I have an issue which I can't even start to solve after hours of researching. I need to use GCM to facilitate peer to peer file transfer (JPEG image of circa 1.5 megabytes in file size to be specific).
Client A opens a socket and uses AirBOP to notify client B that it wants to send a picture and gives B relevant information (IP address + port to use, ephemeral I guess). B then connects to A and downloads the picture. All this behind NAT and via 3G/4G if at all possible. No server involved.
I looked into TTorrent, Snark, Cling, NAT hole punching, PWnat etc. but I still don't know how to achieve the above, and if it is possible at all. What i did understand is that i will need to use port mapping or UPNP.
Sorry for poor English, and I'm looking for a road map/guide lines/library/existing tutorials/projects on solving the above problem.
Thank you.
Google Cloud Messaging (GCM) was not designed to deliver large payloads. It's intention was to provide a light-weight messages for your application to then handle the heavy lifting (e.g. a new email notification informing your application it is out-of-date and that it should retrieve the new email). With that said, it does however have the ability to carry a payload of up to 4Kb. Which is obviously not enough to handle your 1.5Mb payload. You might think about implementing some type of protocol that will assemble the complete payload after x number of GCM messages. First, there is a quota on the number of GCM requests allowed per day per ip address. Second, GCM explicitly does not want its service to be used in this way and will block GCM messages if it detects it is being used that way. See http://developer.android.com/google/gcm/adv.html for more information.
What you need to implement a p2p application is either a STUN server or TURN server. A STUN server is used to discover the public IP and port that is being used by the device to communicate with the internet.
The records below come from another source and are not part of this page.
(* Let $C\ge 2$ and $N\ge 1$ be integers and let $\boldsymbol{h}_{i,c}\in\mathbb{R}^p$ ($1\le i\le N$, $1\le c\le C$) be fixed (not trained) feature vectors, $\boldsymbol{h}_{i,c}$ being the $i$-th example of class $c$. Define the class-means $\boldsymbol{\mu}_c=\frac1N\sum_{i}\boldsymbol{h}_{i,c}$, the global mean $\boldsymbol{\mu}_G=\frac{1}{NC}\sum_{i,c}\boldsymbol{h}_{i,c}$, the total covariance $\boldsymbol{\Sigma}_T=\frac{1}{NC}\sum_{i,c}(\boldsymbol{h}_{i,c}-\boldsymbol{\mu}_G)(\boldsymbol{h}_{i,c}-\boldsymbol{\mu}_G)^\top$, the within-class covariance $\boldsymbol{\Sigma}_W=\frac{1}{NC}\sum_{i,c}(\boldsymbol{h}_{i,c}-\boldsymbol{\mu}_c)(\boldsymbol{h}_{i,c}-\boldsymbol{\mu}_c)^\top$, and the matrix $\dot{\boldsymbol{M}}=[\boldsymbol{\mu}_1-\boldsymbol{\mu}_G,\dots,\boldsymbol{\mu}_C-\boldsymbol{\mu}_G]\in\mathbb{R}^{p\times C}$. Consider the (Webb–Lowe) linear classifier with weights $\boldsymbol{W}\in\mathbb{R}^{C\times p}$ (rows $\boldsymbol{w}_c^\top$) and biases $\boldsymbol{b}=(b_c)\in\mathbb{R}^C$ given by $$\boldsymbol{W}=\tfrac1C\dot{\boldsymbol{M}}^\top\boldsymbol{\Sigma}_T^\dagger,\qquad \boldsymbol{b}=\tfrac1C\mathbf{1}_C-\tfrac1C\dot{\boldsymbol{M}}^\top\boldsymbol{\Sigma}_T^\dagger\boldsymbol{\mu}_G,$$ where $\dagger$ is the Moore–Penrose pseudoinverse and $\mathbf{1}_C$ the all-ones vector. Assume (i) $\boldsymbol{\Sigma}_W=\mathbf{0}$, and (ii) $\boldsymbol{\mu}_c\neq\boldsymbol{\mu}_G$ for all $c$, $\|\boldsymbol{\mu}_c-\boldsymbol{\mu}_G\|_2=\|\boldsymbol{\mu}_{c'}-\boldsymbol{\mu}_G\|_2$ for all $c,c'$, and, with $\tilde{\boldsymbol{\mu}}_c=(\boldsymbol{\mu}_c-\boldsymbol{\mu}_G)/\|\boldsymbol{\mu}_c-\boldsymbol{\mu}_G\|_2$, $\langle\tilde{\boldsymbol{\mu}}_c,\tilde{\boldsymbol{\mu}}_{c'}\rangle=\frac{C}{C-1}\delta_{c,c'}-\frac{1}{C-1}$ for all $c,c'$. Then (a) $\dfrac{\boldsymbol{W}^\top}{\|\boldsymbol{W}\|_F}=\dfrac{\dot{\boldsymbol{M}}}{\|\dot{\boldsymbol{M}}\|_F}$, and (b) for every $\boldsymbol{h}\in\mathbb{R}^p$, $\arg\max_{c'}\left(\langle\boldsymbol{w}_{c'},\boldsymbol{h}\rangle+b_{c'}\right)=\arg\min_{c'}\|\boldsymbol{h}-\boldsymbol{\mu}_{c'}\|_2$.
   Context: $\delta_{c,c'}$ is the Kronecker delta and $\|\cdot\|_F$ the Frobenius norm. The classifier above is (by a result of Webb and Lowe) the optimal linear classifier under mean-squared-error loss when the features are fixed; in the claim it is simply the classifier defined by the displayed formulas. The predicted label of a feature $\boldsymbol{h}$ is the index maximizing $\langle\boldsymbol{w}_c,\boldsymbol{h}\rangle+b_c$. *)

theory Defs
  imports "HOL-Analysis.Analysis"
begin
(* Let G_k(p) count the (k+1)-element multichains with a marked entry equal to p.  The chain
   counts #{k-chains through p} and the G_k(p) are related by a unitriangular binomial transform,
   so mCDE says exactly that the centred down-degree ddeg - mean is orthogonal to every G_k.
   On P \<times> Q the down-degree and its mean are additive, while G_k(p, q) = \<Sum>_i a_i(p) b_i(q) where
   a_i, b_i split the multichain at position i; as \<Sum>_q b_i(q) does not depend on i, the
   orthogonality relations of P and Q add up to those of P \<times> Q. *)

lemma sum_choose_mult_choose:
  "(\<Sum>i\<le>k. (i choose a) * ((k - i) choose b)) = Suc k choose (a + b + 1)"
proof (induction k arbitrary: b)
  case 0
  then show ?case by (cases a; cases b) auto
next
  case (Suc k)
  show ?case
  proof (cases b)
    case 0
    then show ?thesis
      using sum_choose_upper[of a "Suc k"] by (simp del: binomial_Suc_Suc sum.atMost_Suc)
  next
    case (Suc b')
    have "(\<Sum>i\<le>Suc k. (i choose a) * ((Suc k - i) choose b))
        = (\<Sum>i\<le>k. (i choose a) * ((k - i) choose b') + (i choose a) * ((k - i) choose b))"
      using Suc by (auto simp: sum.atMost_Suc Suc_diff_le algebra_simps intro!: sum.cong)
    also have "\<dots> = (Suc k choose (a + b' + 1)) + (Suc k choose (a + b + 1))"
      using Suc.IH by (simp add: sum.distrib)
    also have "\<dots> = Suc (Suc k) choose (a + b + 1)"
      using Suc by simp
    finally show ?thesis .
  qed
qed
You can either implement your own STUN server but requires a server that is publicly accessible/routable from both peers or use a public STUN server and use GCM to notify each peer of the others public ip and port. A major limitation with this technique is that if one of the devices is behind a router/NAT that has been configured to use symmetric nating, it will not punch through. There are exceptions to this but generally this is the case. Using a TURN server basically just relays the data from one peer to another peer via a central/public server. This isn't much of a challenge except it will cost you since this type of solutions puts a heavy load onto the server as oppose to a STUN server and you may need to purchase several servers to handle your user load.
I'm in the middle of my own p2p project and what I've discovered is that Verizon implements Port-retricted cone nat, AT&T symmetric cone nat, Sprint symmetric cone nat. Considering the popularity of mobile carriers (Verizon #1, At&t #2, Sprint #3), this is something to consider.